Securing SCADA systems from APTs like Flame and Stuxnet – Part 2
Professor Paul Dorey recently presented a paper about the seven important lessons the IT world has learned in managing Advanced Persistent Threats (APTs). In this article, I will discuss lessons #2, #3 and #4, and how to apply these lessons to ICS and SCADA security.
APTs have been discussed in some depth in previous blogs, so if you aren’t familiar with the concept (or need a review) check out Part #1 of this series. If you want real world examples of APTs, especially ones that have impacted the energy and chemical industries, browse some of my previous blogs on Nitro, Night Dragon and Duqu.
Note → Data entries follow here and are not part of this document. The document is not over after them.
(* Let $p,n$ be positive integers and $c=\gcd(p,n)$. Then the quandle counting matrix of $\widetilde{\mathcal{T}(p,2)}$ with respect to the dihedral quandle $\mathbb{Z}_n$ is $\Phi^{M_n}_{\mathbb{Z}_n}(\widetilde{\mathcal{T}(p,2)})=cI_n$, where $I_n$ is the $n\times n$ identity matrix.
   Context: $\mathbb{Z}_n=\{0,\dots,n-1\}$ is the dihedral quandle ($x\triangleright y=2y-x$ mod $n$). For a $1$-linkoid $L$ with fundamental pointed quandle $P(L)$ and a finite quandle $X=\{x_1,\dots,x_k\}$, the quandle counting matrix $\Phi^{M_k}_X(L)$ is the $k\times k$ matrix with $(i,j)$ entry $|\hom(P(L),(X,x_i,x_j))|$ (basepoint-preserving homomorphisms). Here $P(\widetilde{\mathcal{T}(p,2)})=(Q,x_1,x_{p+1})$ with $Q=\langle x_1,\dots,x_{p+1}\mid x_p=x_2\triangleright x_{p+1},\ x_i=x_{i+2}\triangleright x_{i+1}\ (1\le i\le p-1)\rangle$, the fundamental pointed quandle of the $1$-linkoid of $(p,2)$-torus type. *)

theory Defs
  imports Main "HOL-Library.FuncSet" "Jordan_Normal_Form.Matrix"
begin

text \<open>Quandle words over a set of generators: Op s t denotes s \<triangleright> t.\<close>
datatype 'g qterm = Gen 'g | Op "'g qterm" "'g qterm"

fun qeval :: "('a \<Rightarrow> 'a \<Rightarrow> 'a) \<Rightarrow> ('g \<Rightarrow> 'a) \<Rightarrow> 'g qterm \<Rightarrow> 'a" where
  "qeval tr g (Gen a) = g a"
| "qeval tr g (Op s t) = tr (qeval tr g s) (qeval tr g t)"

definition dihedral_op :: "int \<Rightarrow> int \<Rightarrow> int \<Rightarrow> int" where
  "dihedral_op n x y = (2 * y - x) mod n"

definition dihedral_carrier :: "nat \<Rightarrow> int set" where
  "dihedral_carrier n = {0..<int n}"

text \<open>By the universal property of a quandle presentation, such homomorphisms correspond
  bijectively to generator assignments G \<rightarrow> X satisfying all relations and
  sending the basepoints to y1, y2.\<close>
definition pointed_hom_count ::
  "'g set \<Rightarrow> ('g qterm \<times> 'g qterm) set \<Rightarrow> 'g \<Rightarrow> 'g \<Rightarrow>
   'a set \<Rightarrow> ('a \<Rightarrow> 'a \<Rightarrow> 'a) \<Rightarrow> 'a \<Rightarrow> 'a \<Rightarrow> nat" where
  "pointed_hom_count G R b1 b2 X tr y1 y2 =
     card {g \<in> G \<rightarrow>\<^sub>E X. (\<forall>(s, t) \<in> R. qeval tr g s = qeval tr g t) \<and> g b1 = y1 \<and> g b2 = y2}"

definition counting_matrix ::
  "'g set \<Rightarrow> ('g qterm \<times> 'g qterm) set \<Rightarrow> 'g \<Rightarrow> 'g \<Rightarrow>
   'a list \<Rightarrow> ('a \<Rightarrow> 'a \<Rightarrow> 'a) \<Rightarrow> nat mat" where
  "counting_matrix G R b1 b2 xs tr =
     mat (length xs) (length xs)
       (\<lambda>(i, j). pointed_hom_count G R b1 b2 (set xs) tr (xs ! i) (xs ! j))"

text \<open>Presentation of the fundamental pointed quandle of the 1-linkoid of (p,2)-torus type:
  generators x_1..x_{p+1}, relations x_p = x_2 \<triangleright> x_{p+1} and
  x_i = x_{i+2} \<triangleright> x_{i+1} for 1 \<le> i \<le> p-1; basepoints x_1, x_{p+1}.\<close>
definition torus_gens :: "nat \<Rightarrow> nat set" where
  "torus_gens p = {1..p+1}"

definition torus_rels :: "nat \<Rightarrow> (nat qterm \<times> nat qterm) set" where
  "torus_rels p = insert (Gen p, Op (Gen 2) (Gen (p+1)))
      {(Gen i, Op (Gen (i+2)) (Gen (i+1))) | i. 1 \<le> i \<and> i \<le> p - 1}"

definition torus_counting_matrix_dihedral :: "nat \<Rightarrow> nat \<Rightarrow> nat mat" where
  "torus_counting_matrix_dihedral p n =
     counting_matrix (torus_gens p) (torus_rels p) 1 (p+1)
        (map int [0..<n]) (dihedral_op (int n))"

end

theory Submission
  imports Defs "HOL-Number_Theory.Cong"
begin

(* A colouring of x_1, ..., x_{p+1} by Z_n satisfies x_i = 2 x_{i+1} - x_{i+2}, so, read from
   x_{p+1} downwards, it is an arithmetic progression mod n with some step d. The remaining
   relation x_p = 2 x_{p+1} - x_2 holds exactly when n divides p d, and then x_1 = x_{p+1} + p d
   = x_{p+1} mod n. So there are no colourings with distinct endpoints, and those with both endpoints
   equal to b correspond to the steps d < n with n dvd p d, of which there are gcd p n. *)

lemma card_lessThan_dvd_mult:
  fixes p n :: nat
  assumes "0 < n"
  shows "card {d. d < n \<and> n dvd p * d} = gcd p n"
proof -
  define c where "c = gcd p n"
  define m where "m = n div c"
  have "0 < c"
    using assms by (simp add: c_def)
  have n_eq: "n = m * c"
    by (simp add: c_def m_def)
  have "0 < m"
    using assms by (simp add: m_def c_def div_greater_zero_iff)
  have "coprime m (p div c)"
    using div_gcd_coprime[of p n] assms by (simp add: c_def m_def coprime_commute)
  have dvd_iff: "n dvd p * d \<longleftrightarrow> m dvd d" for d
  proof -
    have "n dvd p * d \<longleftrightarrow> m * c dvd (p div c * d) * c"
      by (simp add: c_def m_def ac_simps)
    also have "\<dots> \<longleftrightarrow> m dvd d"
      using \<open>0 < c\<close> \<open>coprime m (p div c)\<close> by (simp add: coprime_dvd_mult_right_iff)
    finally show ?thesis .
  qed
  have "d < n \<and> m dvd d \<longleftrightarrow> (\<exists>j<c. d = j * m)" for d
    unfolding n_eq using \<open>0 < m\<close> by auto
  then have "{d. d < n \<and> n dvd p * d} = (\<lambda>j. j * m) ` {..<c}"
    by (auto simp: dvd_iff)
  moreover have "inj_on (\<lambda>j. j * m) {..<c}"
    using \<open>0 < m\<close> by (auto simp: inj_on_def)
  ultimately show ?thesis
    by (simp add: card_image c_def)
qed

lemma cong_arith_progression:
  fixes h :: "nat \<Rightarrow> int"
  assumes rec: "\<And>j. j + 2 \<le> m \<Longrightarrow> [h (j + 2) = 2 * h (j + 1) - h j] (mod N)"
  shows "k \<le> m \<Longrightarrow> [h k = h 0 + int k * (h 1 - h 0)] (mod N)"
proof (induction k rule: less_induct)
  case (less k)
  consider "k = 0" | "k = 1" | j where "k = j + 2"
    by (metis One_nat_def add_2_eq_Suc' not0_implies_Suc)
  then show ?case
  proof cases
    case 3
    have "[h k = 2 * h (j + 1) - h j] (mod N)"
      using rec less.prems 3 by simp
    also have "[2 * h (j + 1) - h j
        = 2 * (h 0 + int (j + 1) * (h 1 - h 0)) - (h 0 + int j * (h 1 - h 0))] (mod N)"
      using less 3 by (intro cong_diff cong_mult cong_refl less.IH) auto
    also have "2 * (h 0 + int (j + 1) * (h 1 - h 0)) - (h 0 + int j * (h 1 - h 0))
        = h 0 + int k * (h 1 - h 0)"
      using 3 by (simp add: algebra_simps)
    finally show ?thesis .
  qed simp_all
qed
lemma abs_obs_gate_arg_le_inf_norm_obs:
  fixes W :: "real^'u^'n" and U :: "real^'n^'n" and L :: "real^'y^'n" and C :: "real^'n^'y"
  assumes "\<And>j. \<bar>u $ j\<bar> \<le> umax" and "\<And>j. \<bar>\<xi> $ j\<bar> \<le> 1" and "\<And>j. \<bar>\<xi>h $ j\<bar> \<le> 1"
  shows "\<bar>(W *v u + U *v \<xi>h + b + L *v ((C *v \<xi> + b_y) - (C *v \<xi>h + b_y))) $ i\<bar>
           \<le> inf_norm_obs W U b L C umax"
proof -
  have "\<bar>(W *v u + (U - L ** C) *v \<xi>h + b + (L ** C) *v \<xi>) $ i\<bar>
     \<le> \<bar>(W *v u) $ i\<bar> + \<bar>((U - L ** C) *v \<xi>h) $ i\<bar> + \<bar>b $ i\<bar> + \<bar>((L ** C) *v \<xi>) $ i\<bar>"
    by simp
  also have "\<dots> \<le> (\<Sum>j\<in>UNIV. \<bar>umax * W $ i $ j\<bar>) + (\<Sum>j\<in>UNIV. \<bar>(U - L ** C) $ i $ j\<bar>)
                     + \<bar>b $ i\<bar> + (\<Sum>j\<in>UNIV. \<bar>(L ** C) $ i $ j\<bar>)"
    using abs_matrix_vector_mult_le[of u umax W i] abs_matrix_vector_mult_le[of \<xi>h 1 "U - L ** C" i]
      abs_matrix_vector_mult_le[of \<xi> 1 "L ** C" i] assms
    by simp
  also have "\<dots> \<le> inf_norm_obs W U b L C umax"
    unfolding inf_norm_obs_def by (rule Max_ge) auto
  finally show ?thesis unfolding obs_gate_arg_eq .
qed

lemma sig_bar_nonneg: "sig_bar W U b umax \<ge> 0"
  unfolding sig_bar_def using sigmoid_pos less_imp_le by blast

lemma sig_bar_less_1: "sig_bar W U b umax < 1"
  unfolding sig_bar_def by (rule sigmoid_less_1)

lemma tanh_bar_nonneg: "tanh_bar W U b umax \<ge> 0"
  unfolding tanh_bar_def using inf_norm_WUb_nonneg by simp

lemma sig_hat_nonneg: "sig_hat W U b L C umax \<ge> 0"
  unfolding sig_hat_def using sigmoid_pos less_imp_le by blast

lemma abs_sigmoid_le_sigmoid_bound: "\<bar>t\<bar> \<le> B \<Longrightarrow> \<bar>sigmoid t\<bar> \<le> sigmoid B"
  using sigmoid_pos[of t] sigmoid_mono[of t B] by simp

lemma abs_sigmoid_gate_le_sig_bar:
  fixes W :: "real^'u^'n" and U :: "real^'n^'n"
  assumes "\<And>j. \<bar>u $ j\<bar> \<le> umax" and "\<And>j. \<bar>\<xi> $ j\<bar> \<le> 1"
  shows "\<bar>vmap sigmoid (W *v u + U *v \<xi> + b) $ i\<bar> \<le> sig_bar W U b umax"
  unfolding vmap_def sig_bar_def vec_lambda_beta
  by (intro abs_sigmoid_le_sigmoid_bound abs_gate_arg_le_inf_norm_WUb assms)

lemma abs_tanh_gate_le_tanh_bar:
  fixes W :: "real^'u^'n" and U :: "real^'n^'n"
  assumes "\<And>j. \<bar>u $ j\<bar> \<le> umax" and "\<And>j. \<bar>\<xi> $ j\<bar> \<le> 1"
  shows "\<bar>vmap tanh (W *v u + U *v \<xi> + b) $ i\<bar> \<le> tanh_bar W U b umax"
  using abs_gate_arg_le_inf_norm_WUb[OF assms, of W U b i]
  unfolding vmap_def tanh_bar_def by (simp flip: tanh_real_abs)

lemma abs_obs_sigmoid_gate_le_sig_hat:
  fixes W :: "real^'u^'n" and U :: "real^'n^'n" and L :: "real^'y^'n" and C :: "real^'n^'y"
  assumes "\<And>j. \<bar>u $ j\<bar> \<le> umax" and "\<And>j. \<bar>\<xi> $ j\<bar> \<le> 1" and "\<And>j. \<bar>\<xi>h $ j\<bar> \<le> 1"
  shows "\<bar>vmap sigmoid (W *v u + U *v \<xi>h + b + L *v ((C *v \<xi> + b_y) - (C *v \<xi>h + b_y))) $ i\<bar>
           \<le> sig_hat W U b L C umax"
  unfolding vmap_def sig_hat_def vec_lambda_beta
  by (intro abs_sigmoid_le_sigmoid_bound abs_obs_gate_arg_le_inf_norm_obs assms)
Energy companies were targeted by recent known Advanced Persistent Threats such as Night Dragon and Duqu.
Professor Dorey’s talk discussed the seven advanced approaches that the best companies are using to deal with APTs. His Advanced Approach #1 involved setting what he called “‘Controls Coverage”. The objective is to focus protection efforts on your company’s most important assets, rather than using the shotgun approach of trying to protect everything equally.
Lesson #2: Focus on Detection, Not Protection
Advanced Approach #2 centers on “Control Focus”. If you are going to spend money on security controls, what types of controls are the most effective? Professor Dorey notes that Detective Controls (i.e. those technologies and processes that detect attacks) are more effective against modern cyber threats when compared to Preventative Controls like firewalls, data diodes and anti-virus software.
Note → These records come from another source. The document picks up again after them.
lemma wkron3_decomp_entries:
  assumes ts: "wkron3_decomp e d1 (HomJ Q0 q0 e J0 n m) (HomJ Q1 q1 d1 J1 n m) C phi ts"
    and ts': "wkron3_decomp e d1 (HomJ Q0 q0 e J0 n m) (HomJ Q1 q1 d1 J1 n m) C phi ts'"
  shows "(\<Sum>t\<leftarrow>ts. fst t x y * fst (snd t) u w * snd (snd t) v z)
       = (\<Sum>t\<leftarrow>ts'. fst t x y * fst (snd t) u w * snd (snd t) v z)"
proof (cases "length u = d1 \<and> length w = d1")
  case True
  let ?pairs = "map (\<lambda>t. (fst t, wkron d1 (fst (snd t)) (snd (snd t))))"
  have "wkron_decomp e (HomJ Q0 q0 e J0 n m) UNIV phi (?pairs ts)"
    "wkron_decomp e (HomJ Q0 q0 e J0 n m) UNIV phi (?pairs ts')"
    using ts ts' unfolding wkron3_decomp_def wkron_decomp_def by (auto simp: o_def)
  from wkron_decomp_entries[OF this, of x y "u @ v" "w @ z"] True show ?thesis
    by (simp add: o_def wkron_append mult.assoc)
next
  case False
  have "fst (snd t) u w = 0" if "t \<in> set ts \<union> set ts'" for t
  proof -
    from ts ts' that have "fst (snd t) \<in> HomJ Q1 q1 d1 J1 n m"
      unfolding wkron3_decomp_def by auto
    with False show ?thesis
      using HomJ_nonzero_words length_words by metis
  qed
  then show ?thesis by (simp cong: map_cong)
qed

lemma fmor_tensor3_cong:
  assumes G: "is_functor e (HomJ Q0 q0 e J0) G" and F1: "is_functor d1 (HomJ Q1 q1 d1 J1) F1"
    and F2: "is_functor d2 (HomJ Q2 q2 d2 J2) F2" and nm: "1 \<le> n" "1 \<le> m"
    and mem: "\<And>t. t \<in> set ts \<union> set ts' \<Longrightarrow> fst t \<in> HomJ Q0 q0 e J0 n m
      \<and> fst (snd t) \<in> HomJ Q1 q1 d1 J1 n m \<and> snd (snd t) \<in> HomJ Q2 q2 d2 J2 n m"
    and eq: "\<And>x y u w v z. (\<Sum>t\<leftarrow>ts. fst t x y * fst (snd t) u w * snd (snd t) v z)
                         = (\<Sum>t\<leftarrow>ts'. fst t x y * fst (snd t) u w * snd (snd t) v z)"
  shows "(\<Sum>t\<leftarrow>ts. fmor G n m (fst t) i j * fmor F1 n m (fst (snd t)) i' j'
             * fmor F2 n m (snd (snd t)) i2 j2)
       = (\<Sum>t\<leftarrow>ts'. fmor G n m (fst t) i j * fmor F1 n m (fst (snd t)) i' j'
             * fmor F2 n m (snd (snd t)) i2 j2)"
proof -
  \<comment> \<open>Apply \<open>G\<close>, \<open>F1\<close>, \<open>F2\<close> one factor at a time; the other two factors are carried along
    in \<open>\<beta>\<close>.\<close>
  define \<beta>0 where
    "\<beta>0 t z = fst (snd t) (fst (fst z)) (snd (fst z)) * snd (snd t) (fst (snd z)) (snd (snd z))"
    for t :: "'a wmat \<times> 'a wmat \<times> 'a wmat" and z :: "(rat list \<times> rat list) \<times> rat list \<times> rat list"
  have "(\<Sum>t\<leftarrow>ts. fmor G n m (fst t) i j * \<beta>0 t z) = (\<Sum>t\<leftarrow>ts'. fmor G n m (fst t) i j * \<beta>0 t z)" for i j z
    by (rule fmor_tensor_cong[where a = fst, OF G nm]) (use mem eq in \<open>auto simp: \<beta>0_def mult.assoc\<close>)
  note step0 = this
  define \<beta>1 where
    "\<beta>1 t z = fmor G n m (fst t) (fst (fst z)) (snd (fst z)) * snd (snd t) (fst (snd z)) (snd (snd z))"
    for t :: "'a wmat \<times> 'a wmat \<times> 'a wmat" and z :: "(nat \<times> nat) \<times> rat list \<times> rat list"
  have "(\<Sum>t\<leftarrow>ts. fmor F1 n m (fst (snd t)) i j * \<beta>1 t z) = (\<Sum>t\<leftarrow>ts'. fmor F1 n m (fst (snd t)) i j * \<beta>1 t z)"
    for i j z
  proof (rule fmor_tensor_cong[where a = "\<lambda>t. fst (snd t)", OF F1 nm])
    show "(\<Sum>t\<leftarrow>ts. fst (snd t) u w * \<beta>1 t z) = (\<Sum>t\<leftarrow>ts'. fst (snd t) u w * \<beta>1 t z)" for u w z
      using step0[of "fst (fst z)" "snd (fst z)" "((u, w), snd z)"] by (simp add: \<beta>0_def \<beta>1_def ac_simps)
  qed (use mem in auto)
  note step1 = this
  define \<beta>2 where "\<beta>2 t z = fmor G n m (fst t) (fst (fst z)) (snd (fst z))
    * fmor F1 n m (fst (snd t)) (fst (snd z)) (snd (snd z))"
    for t :: "'a wmat \<times> 'a wmat \<times> 'a wmat" and z :: "(nat \<times> nat) \<times> nat \<times> nat"
  have "(\<Sum>t\<leftarrow>ts. fmor F2 n m (snd (snd t)) i j * \<beta>2 t z) = (\<Sum>t\<leftarrow>ts'. fmor F2 n m (snd (snd t)) i j * \<beta>2 t z)"
    for i j z
  proof (rule fmor_tensor_cong[where a = "\<lambda>t. snd (snd t)", OF F2 nm])
    show "(\<Sum>t\<leftarrow>ts. snd (snd t) u w * \<beta>2 t z) = (\<Sum>t\<leftarrow>ts'. snd (snd t) u w * \<beta>2 t z)" for u w z
      using step1[of "fst (snd z)" "snd (snd z)" "(fst z, (u, w))"] by (simp add: \<beta>1_def \<beta>2_def ac_simps)
  qed (use mem in auto)
  from this[of i2 j2 "((i, j), (i', j'))"] show ?thesis
    by (simp add: \<beta>2_def mult.commute)
qed

lemma fmor_kron3_unique:
  assumes G: "is_functor e (HomJ Q0 q0 e J0) G" and F1: "is_functor d1 (HomJ Q1 q1 d1 J1) F1"
    and F2: "is_functor d2 (HomJ Q2 q2 d2 J2) F2" and nm: "1 \<le> n" "1 \<le> m"
    and ts: "wkron3_decomp e d1 (HomJ Q0 q0 e J0 n m) (HomJ Q1 q1 d1 J1 n m) (HomJ Q2 q2 d2 J2 n m) phi ts"
    and ts': "wkron3_decomp e d1 (HomJ Q0 q0 e J0 n m) (HomJ Q1 q1 d1 J1 n m) (HomJ Q2 q2 d2 J2 n m) phi ts'"
  shows "fmor_kron3 G F1 F2 n m ts = fmor_kron3 G F1 F2 n m ts'"
  unfolding fmor_kron3_def nkron_def
  by (intro ext fmor_tensor3_cong[OF G F1 F2 nm])
    (use ts ts' wkron3_decomp_entries[OF ts ts'] in \<open>auto simp: wkron3_decomp_def\<close>)

lemma HomA_wkron_decomp:
  "phi \<in> HomA q (d1 + d2) n m \<Longrightarrow> \<exists>qs. wkron_decomp d1 (HomA q d1 n m) (HomA q d2 n m) phi qs"
  using HomJ_interval_wkron_decomp[where s = 1 and Q = 1 and e = d1 and d = d2] unfolding HomA_def by blast

lemma fmor_prod_fun_tensorA:
  assumes G: "is_functor e (HomJ Q q e J) G" and F1: "is_functor d1 (HomA q d1) F1"
    and F2: "is_functor d2 (HomA q d2) F2" and nm: "1 \<le> n" "1 \<le> m"
    and ps: "wkron_decomp e (HomJ Q q e J n m) (HomA q (d1 + d2) n m) phi ps"
  obtains ts where "wkron3_decomp e d1 (HomJ Q q e J n m) (HomA q d1 n m) (HomA q d2 n m) phi ts"
    and "fmor (prod_fun e (HomJ Q q e J) (HomA q (d1 + d2)) G (tensorA q d1 d2 F1 F2)) n m phi
         = fmor_kron3 G F1 F2 n m ts"
proof -
  let ?T = "tensorA q d1 d2 F1 F2"
  have T: "is_functor (d1 + d2) (HomA q (d1 + d2)) ?T"
    using prod_fun_interval_is_functor[where s = 1 and Q = 1, OF _ F1[unfolded HomA_def] F2]
    unfolding tensorA_def HomA_def by simp
  have "\<exists>qs. wkron_decomp d1 (HomA q d1 n m) (HomA q d2 n m) (snd p) qs" if "p \<in> set ps" for p
    using ps that HomA_wkron_decomp unfolding wkron_decomp_def by blast
  then obtain dec where
    dec: "\<And>p. p \<in> set ps \<Longrightarrow> wkron_decomp d1 (HomA q d1 n m) (HomA q d2 n m) (snd p) (dec p)"
    by metis
  define ts where "ts = [(fst p, r). p \<leftarrow> ps, r \<leftarrow> dec p]"
  have "phi = (\<lambda>u w. \<Sum>p\<leftarrow>ps. wkron e (fst p) (\<lambda>u w. \<Sum>r\<leftarrow>dec p. wkron d1 (fst r) (snd r) u w) u w)"
    using ps dec unfolding wkron_decomp_def by (simp cong: map_cong)
  then have "wkron3_decomp e d1 (HomJ Q q e J n m) (HomA q d1 n m) (HomA q d2 n m) phi ts"
    using ps dec unfolding wkron3_decomp_def wkron_decomp_def ts_def
    by (auto simp: sum_list_concat_map wkron_sum_list_right o_def)
  moreover have "fmor (prod_fun e (HomJ Q q e J) (HomA q (d1 + d2)) G ?T) n m phi
      = fmor_kron3 G F1 F2 n m ts"
  proof -
    have "fmor ?T n m (snd p) = fmor_kron F1 F2 n m (dec p)" if "p \<in> set ps" for p
      using fmor_prod_fun[OF F1[unfolded HomA_def] F2[unfolded HomA_def] nm] dec[OF that]
      unfolding tensorA_def HomA_def by blast
    then show ?thesis
      using fmor_prod_fun[OF G T[unfolded HomA_def] nm] ps unfolding HomA_def
      by (simp add: fmor_kron_def fmor_kron3_def ts_def tensorA_def sum_list_concat_map o_def
          nkron_sum_list_right nkron_assoc cong: map_cong)
  qed
  ultimately show ?thesis using that by blast
qed

lemma fmor_prod_fun_prod_fun:
  assumes s: "s \<le> 1" and G: "is_functor e (HomJ Q q e {s..<e}) G"
    and F1: "is_functor d1 (HomA q d1) F1" and F2: "is_functor d2 (HomA q d2) F2" and nm: "1 \<le> n" "1 \<le> m"
    and ps: "wkron_decomp (e + d1) (HomJ Q q (e + d1) {s..<e + d1} n m) (HomA q d2 n m) phi ps"
  obtains ts where "wkron3_decomp e d1 (HomJ Q q e {s..<e} n m) (HomA q d1 n m) (HomA q d2 n m) phi ts"
    and "fmor (prod_fun (e + d1) (HomJ Q q (e + d1) {s..<e + d1}) (HomA q d2)
               (prod_fun e (HomJ Q q e {s..<e}) (HomA q d1) G F1) F2) n m phi
         = fmor_kron3 G F1 F2 n m ts"
proof -
  let ?GF = "prod_fun e (HomJ Q q e {s..<e}) (HomA q d1) G F1"
  have GF: "is_functor (e + d1) (HomJ Q q (e + d1) {s..<e + d1}) ?GF"
    by (rule prod_fun_interval_is_functor[OF s G F1])
  have "\<exists>qs. wkron_decomp e (HomJ Q q e {s..<e} n m) (HomA q d1 n m) (fst p) qs" if "p \<in> set ps" for p
  proof -
    from ps that have "fst p \<in> HomJ Q q (e + d1) {s..<e + d1} n m"
      unfolding wkron_decomp_def by auto
    then obtain qs where "wkron_decomp e (HomJ Q q e {s..<e} n m) (HomA q d1 n m) (fst p) qs"
      by (rule HomJ_interval_wkron_decomp[OF s])
    then show ?thesis ..
  qed
  then obtain dec where
    dec: "\<And>p. p \<in> set ps \<Longrightarrow> wkron_decomp e (HomJ Q q e {s..<e} n m) (HomA q d1 n m) (fst p) (dec p)"
    by metis
  define ts where "ts = [(fst r, snd r, snd p). p \<leftarrow> ps, r \<leftarrow> dec p]"
  have "wkron (e + d1) (fst p) (snd p)
      = (\<lambda>u w. \<Sum>r\<leftarrow>dec p. wkron e (fst r) (wkron d1 (snd r) (snd p)) u w)" if "p \<in> set ps" for p
    using dec[OF that] unfolding wkron_decomp_def by (simp add: wkron_sum_list_left wkron_assoc)
  with ps have "phi = (\<lambda>u w. \<Sum>p\<leftarrow>ps. \<Sum>r\<leftarrow>dec p. wkron e (fst r) (wkron d1 (snd r) (snd p)) u w)"
    unfolding wkron_decomp_def by (simp cong: map_cong)
  with ps dec have "wkron3_decomp e d1 (HomJ Q q e {s..<e} n m) (HomA q d1 n m) (HomA q d2 n m) phi ts"
    unfolding wkron3_decomp_def wkron_decomp_def ts_def by (auto simp: sum_list_concat_map o_def)
  moreover have "fmor (prod_fun (e + d1) (HomJ Q q (e + d1) {s..<e + d1}) (HomA q d2) ?GF F2) n m phi
      = fmor_kron3 G F1 F2 n m ts"
  proof -
    have "fmor ?GF n m (fst p) = fmor_kron G F1 n m (dec p)" if "p \<in> set ps" for p
      using fmor_prod_fun[OF G F1[unfolded HomA_def] nm] dec[OF that] unfolding HomA_def by blast
    then show ?thesis
      using fmor_prod_fun[OF GF F2[unfolded HomA_def] nm] ps unfolding HomA_def
      by (simp add: fmor_kron_def fmor_kron3_def ts_def sum_list_concat_map o_def
          nkron_sum_list_left cong: map_cong)
  qed
  ultimately show ?thesis using that by blast
qed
Now you might think that a person that designs and sells ICS/SCADA firewalls for a living (me) would be dead against Professor Dorey’s approach. I’m not. The fact is, after reviewing countless control systems and attacks against control systems, the industrial automation world is terrible at detecting anything unusual on their control network. Few companies can even discover when a contractor has attached an unauthorized laptop to their system, never mind detect a sophisticated, stealthy attack.
The old “security in the dark” approach has to end. SCADA and ICS engineers need to get a better handle on what sort of traffic is travelling over the control network. To address this, a major focus at Tofino Security in the past year is the addition of strong reporting technologies into the Tofino product line. For example, modules like the Secure Asset Management LSM are designed to detect and report if unexpected devices join your network.
Similarly Tofino’s deep packet inspection (DPI) modules for the Modbus and OPC protocols provide detailed reporting to 3rd party Security Incident and Event Monitoring (SIEM) systems. So if your read-only remote operator station suddenly starts to try to program a PLC, you can get an immediate alert that trouble is brewing in your control system. Expect to see more detection technologies from the Tofino Security team soon. It is something we strongly believe in.
Seven Advanced Approaches for dealing with Advanced Persistent Threats. From Professor Dorey’s presentation "Advanced Persistent Threats - A Real Problem with Real Solutions".
Lesson #3: Move Your Perspective from Perimeter-based to Data-centric
The third lesson for successful APT containment is to change your security focus from controlling the perimeter to controlling specific collections of data, regardless of where they are in space and time. For example, if a financial company can ensure that customer credit card records are encrypted at all times (and the keys to decrypt the records are not leaked), then the loss of a laptop with these records is of limited importance.
Or take the case of Bradley Manning, the young US Army private that leaked thousands of classified documents to WikiLeaks. If these sensitive documents had been always encrypted and Bradley had only been able to view them with a controlled application at his desk, then his ability to share so many documents would have been limited. Instead, it is clear that the US Army’s security strategy was to leave them unencrypted, (or in a form that was easy to convert to an unencrypted form) and hope these documents never left the perimeter of the US military-base. Obviously, this “perimeter-focused” strategy failed badly.
A defense that only focuses on defending the perimeter is a weak defense, as was learnt by the Davis-Besse Nuclear Power Plant incident in 2003.
At first glance, applying this lesson to ICS and SCADA systems appears to be difficult as data confidentiality is of far less importance to the control system. But substitute the word “process” or “asset” for the word “data”, and it makes sense. A “process-centric” or “asset-centric” approach to managing security means making sure that specific high value processes continue to function reliably regardless of what else is happening around them. The safety world, with standards like IEC61508 and IEC61511, has a long history of using this sort of approach.
Lesson #4: Why Log? Compliance versus Threat Detection
The final Advanced Approach lesson for today’s blog looks at the reason we log security events (assuming we log them at all). Too many of the sites I visit, especially sites trying to pass NERC-CIP audits, log only for compliance reasons. They generate massive log collections, but if anyone ever bothers to analyze the logs, it is only after something really bad has happened. By then it is too late.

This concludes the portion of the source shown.